==== DATA ====

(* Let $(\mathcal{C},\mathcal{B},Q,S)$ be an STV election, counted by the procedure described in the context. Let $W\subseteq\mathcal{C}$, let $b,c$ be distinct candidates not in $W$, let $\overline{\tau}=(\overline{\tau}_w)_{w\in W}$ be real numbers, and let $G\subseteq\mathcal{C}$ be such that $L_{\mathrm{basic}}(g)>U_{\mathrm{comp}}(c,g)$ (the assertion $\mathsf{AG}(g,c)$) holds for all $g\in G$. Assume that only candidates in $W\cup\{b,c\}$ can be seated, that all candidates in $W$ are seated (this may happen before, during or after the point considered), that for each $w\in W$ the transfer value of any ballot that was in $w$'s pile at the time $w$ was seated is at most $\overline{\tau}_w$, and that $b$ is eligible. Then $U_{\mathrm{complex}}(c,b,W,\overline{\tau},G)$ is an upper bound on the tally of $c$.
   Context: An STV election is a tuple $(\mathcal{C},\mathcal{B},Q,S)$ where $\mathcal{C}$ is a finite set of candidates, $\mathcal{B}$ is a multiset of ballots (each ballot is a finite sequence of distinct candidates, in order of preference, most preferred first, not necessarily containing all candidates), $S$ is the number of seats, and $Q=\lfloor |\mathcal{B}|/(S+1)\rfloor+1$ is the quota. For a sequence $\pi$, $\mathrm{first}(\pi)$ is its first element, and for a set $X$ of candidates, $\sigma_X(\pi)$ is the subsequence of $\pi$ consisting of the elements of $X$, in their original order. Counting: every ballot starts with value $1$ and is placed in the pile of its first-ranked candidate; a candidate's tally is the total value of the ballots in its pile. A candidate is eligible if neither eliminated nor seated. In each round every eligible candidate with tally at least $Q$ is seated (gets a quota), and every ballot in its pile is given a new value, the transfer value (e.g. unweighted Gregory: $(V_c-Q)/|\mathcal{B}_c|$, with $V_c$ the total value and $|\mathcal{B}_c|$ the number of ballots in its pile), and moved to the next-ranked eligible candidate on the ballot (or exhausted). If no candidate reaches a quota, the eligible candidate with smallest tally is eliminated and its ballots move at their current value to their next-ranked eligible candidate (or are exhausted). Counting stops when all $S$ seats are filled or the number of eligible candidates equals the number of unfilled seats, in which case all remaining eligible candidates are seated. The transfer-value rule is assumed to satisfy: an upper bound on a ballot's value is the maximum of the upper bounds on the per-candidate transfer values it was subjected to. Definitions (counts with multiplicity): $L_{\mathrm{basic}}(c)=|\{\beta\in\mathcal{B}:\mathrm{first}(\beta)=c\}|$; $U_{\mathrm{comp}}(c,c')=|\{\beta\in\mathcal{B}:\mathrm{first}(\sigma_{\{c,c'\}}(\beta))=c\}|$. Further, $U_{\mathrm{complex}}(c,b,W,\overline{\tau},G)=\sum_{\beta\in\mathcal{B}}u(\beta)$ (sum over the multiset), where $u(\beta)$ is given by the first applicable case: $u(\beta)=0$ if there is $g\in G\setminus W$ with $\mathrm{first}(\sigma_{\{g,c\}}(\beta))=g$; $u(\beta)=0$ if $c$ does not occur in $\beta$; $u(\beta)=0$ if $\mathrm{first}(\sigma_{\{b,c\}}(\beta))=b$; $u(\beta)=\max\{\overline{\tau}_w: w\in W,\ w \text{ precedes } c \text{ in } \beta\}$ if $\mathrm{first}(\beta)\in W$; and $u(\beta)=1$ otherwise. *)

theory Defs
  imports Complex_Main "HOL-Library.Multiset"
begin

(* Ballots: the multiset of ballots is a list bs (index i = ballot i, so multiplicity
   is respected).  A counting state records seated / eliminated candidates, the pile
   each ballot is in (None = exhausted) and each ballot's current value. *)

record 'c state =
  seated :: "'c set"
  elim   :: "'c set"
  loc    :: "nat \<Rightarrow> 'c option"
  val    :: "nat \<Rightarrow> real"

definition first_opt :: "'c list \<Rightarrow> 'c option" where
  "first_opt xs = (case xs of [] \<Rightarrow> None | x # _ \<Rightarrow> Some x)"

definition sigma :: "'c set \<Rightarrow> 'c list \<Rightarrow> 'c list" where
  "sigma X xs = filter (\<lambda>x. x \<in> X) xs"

====
==== DATA ====

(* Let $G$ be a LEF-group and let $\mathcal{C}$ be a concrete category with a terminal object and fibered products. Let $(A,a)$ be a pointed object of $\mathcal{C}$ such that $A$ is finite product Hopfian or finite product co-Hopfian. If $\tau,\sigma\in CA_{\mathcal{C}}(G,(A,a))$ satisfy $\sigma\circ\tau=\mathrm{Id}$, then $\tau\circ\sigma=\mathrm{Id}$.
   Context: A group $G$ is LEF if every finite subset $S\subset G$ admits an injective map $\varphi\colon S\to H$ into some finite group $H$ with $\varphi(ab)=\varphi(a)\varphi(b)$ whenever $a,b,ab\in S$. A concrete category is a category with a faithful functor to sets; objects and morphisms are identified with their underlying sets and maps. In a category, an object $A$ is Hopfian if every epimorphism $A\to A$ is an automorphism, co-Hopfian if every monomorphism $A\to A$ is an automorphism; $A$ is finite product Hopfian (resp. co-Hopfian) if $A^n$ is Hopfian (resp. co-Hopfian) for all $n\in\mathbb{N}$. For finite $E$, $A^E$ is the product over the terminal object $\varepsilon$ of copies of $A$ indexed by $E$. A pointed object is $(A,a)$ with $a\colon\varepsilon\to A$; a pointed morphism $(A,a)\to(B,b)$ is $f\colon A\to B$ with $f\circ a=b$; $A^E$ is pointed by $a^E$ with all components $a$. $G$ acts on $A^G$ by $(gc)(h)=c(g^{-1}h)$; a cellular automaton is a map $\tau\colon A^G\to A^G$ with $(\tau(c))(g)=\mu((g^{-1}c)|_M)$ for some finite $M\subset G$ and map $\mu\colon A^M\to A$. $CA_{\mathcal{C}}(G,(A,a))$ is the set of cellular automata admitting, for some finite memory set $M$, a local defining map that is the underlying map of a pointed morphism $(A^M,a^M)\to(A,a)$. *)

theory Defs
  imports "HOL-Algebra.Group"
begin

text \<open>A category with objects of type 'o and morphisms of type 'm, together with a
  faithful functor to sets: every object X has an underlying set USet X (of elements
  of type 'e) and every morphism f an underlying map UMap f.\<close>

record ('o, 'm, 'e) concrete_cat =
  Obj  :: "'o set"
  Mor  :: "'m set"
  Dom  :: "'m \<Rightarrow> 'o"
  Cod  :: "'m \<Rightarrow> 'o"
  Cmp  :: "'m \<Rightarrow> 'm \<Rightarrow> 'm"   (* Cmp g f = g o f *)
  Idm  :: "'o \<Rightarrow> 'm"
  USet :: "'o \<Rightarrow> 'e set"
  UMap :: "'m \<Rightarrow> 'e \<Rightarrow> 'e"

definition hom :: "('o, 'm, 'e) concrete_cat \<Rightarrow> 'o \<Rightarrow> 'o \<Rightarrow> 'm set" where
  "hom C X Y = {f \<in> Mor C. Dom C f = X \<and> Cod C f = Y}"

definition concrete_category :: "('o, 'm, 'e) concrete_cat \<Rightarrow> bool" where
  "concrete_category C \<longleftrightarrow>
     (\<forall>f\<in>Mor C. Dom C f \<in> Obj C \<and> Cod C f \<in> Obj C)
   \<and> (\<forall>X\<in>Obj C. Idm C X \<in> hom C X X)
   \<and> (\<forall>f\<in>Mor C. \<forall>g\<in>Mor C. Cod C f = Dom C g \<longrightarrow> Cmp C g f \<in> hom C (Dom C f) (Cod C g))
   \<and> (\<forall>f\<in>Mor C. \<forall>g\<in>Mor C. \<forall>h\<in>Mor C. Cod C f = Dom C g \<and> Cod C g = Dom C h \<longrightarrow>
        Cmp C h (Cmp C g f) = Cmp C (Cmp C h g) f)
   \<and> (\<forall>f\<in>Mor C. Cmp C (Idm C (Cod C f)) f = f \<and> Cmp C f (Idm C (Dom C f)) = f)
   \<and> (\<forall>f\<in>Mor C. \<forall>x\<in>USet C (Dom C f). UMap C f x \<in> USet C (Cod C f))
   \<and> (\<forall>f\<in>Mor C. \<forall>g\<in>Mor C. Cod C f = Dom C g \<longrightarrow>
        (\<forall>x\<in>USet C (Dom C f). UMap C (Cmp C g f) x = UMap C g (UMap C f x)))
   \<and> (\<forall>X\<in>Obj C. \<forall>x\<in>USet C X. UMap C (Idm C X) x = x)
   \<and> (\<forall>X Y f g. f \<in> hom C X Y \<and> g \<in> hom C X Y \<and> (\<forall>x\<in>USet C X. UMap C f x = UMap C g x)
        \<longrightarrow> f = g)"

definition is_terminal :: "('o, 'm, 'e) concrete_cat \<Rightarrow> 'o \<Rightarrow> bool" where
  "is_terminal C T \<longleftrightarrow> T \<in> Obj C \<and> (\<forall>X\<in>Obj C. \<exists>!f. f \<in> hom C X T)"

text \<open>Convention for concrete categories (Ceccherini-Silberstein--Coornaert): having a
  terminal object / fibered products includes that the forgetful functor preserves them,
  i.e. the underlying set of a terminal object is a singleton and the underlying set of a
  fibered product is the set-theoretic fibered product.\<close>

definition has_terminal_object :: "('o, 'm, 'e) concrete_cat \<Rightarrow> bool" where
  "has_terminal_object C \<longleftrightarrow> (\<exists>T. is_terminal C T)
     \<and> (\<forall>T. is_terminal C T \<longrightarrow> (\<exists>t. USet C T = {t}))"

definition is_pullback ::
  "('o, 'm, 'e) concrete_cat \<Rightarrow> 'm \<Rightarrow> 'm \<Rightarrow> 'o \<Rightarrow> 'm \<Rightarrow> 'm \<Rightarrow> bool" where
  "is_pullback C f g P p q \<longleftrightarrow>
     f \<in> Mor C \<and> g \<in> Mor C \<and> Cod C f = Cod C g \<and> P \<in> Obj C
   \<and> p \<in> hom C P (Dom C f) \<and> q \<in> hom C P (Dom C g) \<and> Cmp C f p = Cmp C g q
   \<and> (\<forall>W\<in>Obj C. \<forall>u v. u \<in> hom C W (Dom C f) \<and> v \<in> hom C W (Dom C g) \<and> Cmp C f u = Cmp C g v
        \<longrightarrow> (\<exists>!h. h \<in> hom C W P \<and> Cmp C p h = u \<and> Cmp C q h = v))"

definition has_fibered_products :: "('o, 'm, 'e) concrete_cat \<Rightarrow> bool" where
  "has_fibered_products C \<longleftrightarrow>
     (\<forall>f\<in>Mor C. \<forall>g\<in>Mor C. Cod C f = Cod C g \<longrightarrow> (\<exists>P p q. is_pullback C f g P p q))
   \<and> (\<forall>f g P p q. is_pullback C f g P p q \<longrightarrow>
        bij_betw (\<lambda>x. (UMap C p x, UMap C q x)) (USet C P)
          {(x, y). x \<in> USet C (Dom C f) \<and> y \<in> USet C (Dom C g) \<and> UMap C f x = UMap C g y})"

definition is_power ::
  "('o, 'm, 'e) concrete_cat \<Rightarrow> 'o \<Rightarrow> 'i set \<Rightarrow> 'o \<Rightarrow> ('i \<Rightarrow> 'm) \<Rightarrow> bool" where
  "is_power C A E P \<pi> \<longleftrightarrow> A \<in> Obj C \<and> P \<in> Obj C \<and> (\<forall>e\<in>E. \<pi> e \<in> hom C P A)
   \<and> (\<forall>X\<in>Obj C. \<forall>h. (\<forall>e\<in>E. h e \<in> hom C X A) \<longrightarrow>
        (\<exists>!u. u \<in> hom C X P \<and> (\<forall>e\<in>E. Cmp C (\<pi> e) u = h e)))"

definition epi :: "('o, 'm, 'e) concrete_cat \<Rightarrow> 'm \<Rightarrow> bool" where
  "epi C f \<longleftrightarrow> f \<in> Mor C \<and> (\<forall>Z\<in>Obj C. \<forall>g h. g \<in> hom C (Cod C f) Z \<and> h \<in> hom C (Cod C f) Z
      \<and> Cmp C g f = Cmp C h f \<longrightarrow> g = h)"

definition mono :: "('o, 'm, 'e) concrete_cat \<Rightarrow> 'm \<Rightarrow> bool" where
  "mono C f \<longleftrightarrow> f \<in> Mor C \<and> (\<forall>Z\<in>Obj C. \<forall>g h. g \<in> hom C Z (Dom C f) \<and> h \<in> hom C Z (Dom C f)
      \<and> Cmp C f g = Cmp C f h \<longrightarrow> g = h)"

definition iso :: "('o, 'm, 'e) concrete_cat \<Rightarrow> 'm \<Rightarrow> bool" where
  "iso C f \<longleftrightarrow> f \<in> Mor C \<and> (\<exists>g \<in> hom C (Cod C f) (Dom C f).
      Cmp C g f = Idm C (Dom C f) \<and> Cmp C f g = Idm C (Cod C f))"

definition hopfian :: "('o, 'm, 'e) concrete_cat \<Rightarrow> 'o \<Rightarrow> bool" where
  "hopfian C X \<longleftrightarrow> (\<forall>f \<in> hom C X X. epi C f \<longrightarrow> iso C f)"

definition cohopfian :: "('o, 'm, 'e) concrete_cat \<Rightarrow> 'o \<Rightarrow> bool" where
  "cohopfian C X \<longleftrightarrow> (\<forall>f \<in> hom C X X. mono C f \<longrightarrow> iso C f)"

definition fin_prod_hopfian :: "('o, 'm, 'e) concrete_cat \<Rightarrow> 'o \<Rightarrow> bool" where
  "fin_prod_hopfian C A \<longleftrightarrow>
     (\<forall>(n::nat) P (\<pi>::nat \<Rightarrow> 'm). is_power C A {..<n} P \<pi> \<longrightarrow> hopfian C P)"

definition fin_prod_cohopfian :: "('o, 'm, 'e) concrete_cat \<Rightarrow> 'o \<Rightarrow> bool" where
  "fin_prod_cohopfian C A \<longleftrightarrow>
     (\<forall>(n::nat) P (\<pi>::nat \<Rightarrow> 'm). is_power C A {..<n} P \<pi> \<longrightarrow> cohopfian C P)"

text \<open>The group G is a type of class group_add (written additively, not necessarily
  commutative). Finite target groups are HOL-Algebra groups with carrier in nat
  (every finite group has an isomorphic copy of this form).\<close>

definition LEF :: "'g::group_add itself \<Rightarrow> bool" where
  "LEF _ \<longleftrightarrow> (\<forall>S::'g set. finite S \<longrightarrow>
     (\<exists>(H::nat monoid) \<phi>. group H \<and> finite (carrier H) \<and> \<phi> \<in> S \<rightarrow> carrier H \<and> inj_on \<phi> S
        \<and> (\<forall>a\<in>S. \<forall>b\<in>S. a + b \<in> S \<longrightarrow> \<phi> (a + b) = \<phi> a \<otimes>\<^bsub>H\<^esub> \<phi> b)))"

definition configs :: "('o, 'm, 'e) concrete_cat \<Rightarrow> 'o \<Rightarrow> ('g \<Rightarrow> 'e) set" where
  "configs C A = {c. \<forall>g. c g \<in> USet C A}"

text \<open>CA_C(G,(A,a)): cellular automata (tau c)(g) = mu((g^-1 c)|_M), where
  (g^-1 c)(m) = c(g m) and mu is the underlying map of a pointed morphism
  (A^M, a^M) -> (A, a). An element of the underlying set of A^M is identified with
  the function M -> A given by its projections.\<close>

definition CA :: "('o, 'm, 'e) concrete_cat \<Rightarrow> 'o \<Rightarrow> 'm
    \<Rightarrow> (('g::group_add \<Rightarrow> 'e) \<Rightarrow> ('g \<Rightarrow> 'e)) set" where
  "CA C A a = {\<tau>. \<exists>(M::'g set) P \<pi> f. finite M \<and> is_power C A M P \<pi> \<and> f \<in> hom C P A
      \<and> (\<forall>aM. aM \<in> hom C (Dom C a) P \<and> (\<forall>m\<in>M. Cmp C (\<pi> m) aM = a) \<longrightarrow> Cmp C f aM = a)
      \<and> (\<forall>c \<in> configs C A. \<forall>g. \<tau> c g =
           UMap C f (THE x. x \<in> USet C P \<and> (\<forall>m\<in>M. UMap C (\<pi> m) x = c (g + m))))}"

====
==== DATA ====

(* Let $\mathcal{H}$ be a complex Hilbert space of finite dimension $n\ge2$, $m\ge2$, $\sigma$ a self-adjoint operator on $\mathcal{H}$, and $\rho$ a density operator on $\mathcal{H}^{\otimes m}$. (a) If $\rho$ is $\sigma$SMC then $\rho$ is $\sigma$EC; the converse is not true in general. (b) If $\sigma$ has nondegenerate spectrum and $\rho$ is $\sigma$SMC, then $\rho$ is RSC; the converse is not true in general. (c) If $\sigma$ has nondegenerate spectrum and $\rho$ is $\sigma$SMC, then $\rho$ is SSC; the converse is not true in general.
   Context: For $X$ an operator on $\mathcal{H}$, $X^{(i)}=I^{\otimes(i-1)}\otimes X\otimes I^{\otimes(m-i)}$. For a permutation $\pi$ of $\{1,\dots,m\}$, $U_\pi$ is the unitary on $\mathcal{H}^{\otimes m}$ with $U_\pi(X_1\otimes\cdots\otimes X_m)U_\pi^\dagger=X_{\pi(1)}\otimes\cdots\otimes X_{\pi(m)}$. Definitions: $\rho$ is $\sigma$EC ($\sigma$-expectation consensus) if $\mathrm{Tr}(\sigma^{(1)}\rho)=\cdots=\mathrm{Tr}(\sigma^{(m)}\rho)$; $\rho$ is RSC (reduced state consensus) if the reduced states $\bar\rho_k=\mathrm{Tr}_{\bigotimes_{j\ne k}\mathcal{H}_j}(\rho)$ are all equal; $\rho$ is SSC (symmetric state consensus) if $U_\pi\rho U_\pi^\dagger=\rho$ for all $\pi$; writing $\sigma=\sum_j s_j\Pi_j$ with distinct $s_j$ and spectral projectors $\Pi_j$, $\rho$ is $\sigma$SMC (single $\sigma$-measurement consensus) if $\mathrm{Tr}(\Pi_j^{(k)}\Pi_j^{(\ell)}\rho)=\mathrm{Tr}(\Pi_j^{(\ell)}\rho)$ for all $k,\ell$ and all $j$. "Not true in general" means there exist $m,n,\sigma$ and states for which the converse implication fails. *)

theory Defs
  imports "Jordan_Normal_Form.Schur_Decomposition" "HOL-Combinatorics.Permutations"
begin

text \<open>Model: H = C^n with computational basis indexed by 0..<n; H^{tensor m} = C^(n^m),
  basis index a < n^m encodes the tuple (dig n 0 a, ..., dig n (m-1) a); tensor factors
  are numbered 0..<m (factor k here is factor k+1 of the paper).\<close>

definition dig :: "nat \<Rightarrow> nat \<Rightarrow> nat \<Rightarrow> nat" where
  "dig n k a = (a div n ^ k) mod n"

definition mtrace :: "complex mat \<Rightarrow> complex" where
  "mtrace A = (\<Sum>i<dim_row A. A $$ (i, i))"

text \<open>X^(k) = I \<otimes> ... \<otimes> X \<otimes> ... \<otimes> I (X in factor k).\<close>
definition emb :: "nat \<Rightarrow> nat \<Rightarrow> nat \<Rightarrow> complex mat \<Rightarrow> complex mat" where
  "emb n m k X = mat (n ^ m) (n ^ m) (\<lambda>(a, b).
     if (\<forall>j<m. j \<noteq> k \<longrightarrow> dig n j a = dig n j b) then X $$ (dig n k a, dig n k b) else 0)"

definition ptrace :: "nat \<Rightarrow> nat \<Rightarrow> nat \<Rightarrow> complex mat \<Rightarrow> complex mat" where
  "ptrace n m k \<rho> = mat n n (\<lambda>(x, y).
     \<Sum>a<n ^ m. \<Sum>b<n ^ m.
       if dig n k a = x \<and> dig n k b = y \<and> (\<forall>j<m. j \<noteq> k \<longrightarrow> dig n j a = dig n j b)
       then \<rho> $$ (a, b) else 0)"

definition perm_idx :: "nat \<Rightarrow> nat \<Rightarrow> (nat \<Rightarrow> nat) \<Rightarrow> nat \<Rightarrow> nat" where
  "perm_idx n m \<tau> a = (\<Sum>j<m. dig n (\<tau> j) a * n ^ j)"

====

**ASSIGNMENT**
Look above for the line holding "then \<rho> $$" and the line holding "a = (\<Sum>j<m.", then output exactly those two lines and every line between them, nothing more.

**OUTPUT OF THE EXERCISE**
       then \<rho> $$ (a, b) else 0)"

definition perm_idx :: "nat \<Rightarrow> nat \<Rightarrow> (nat \<Rightarrow> nat) \<Rightarrow> nat \<Rightarrow> nat" where
  "perm_idx n m \<tau> a = (\<Sum>j<m. dig n (\<tau> j) a * n ^ j)"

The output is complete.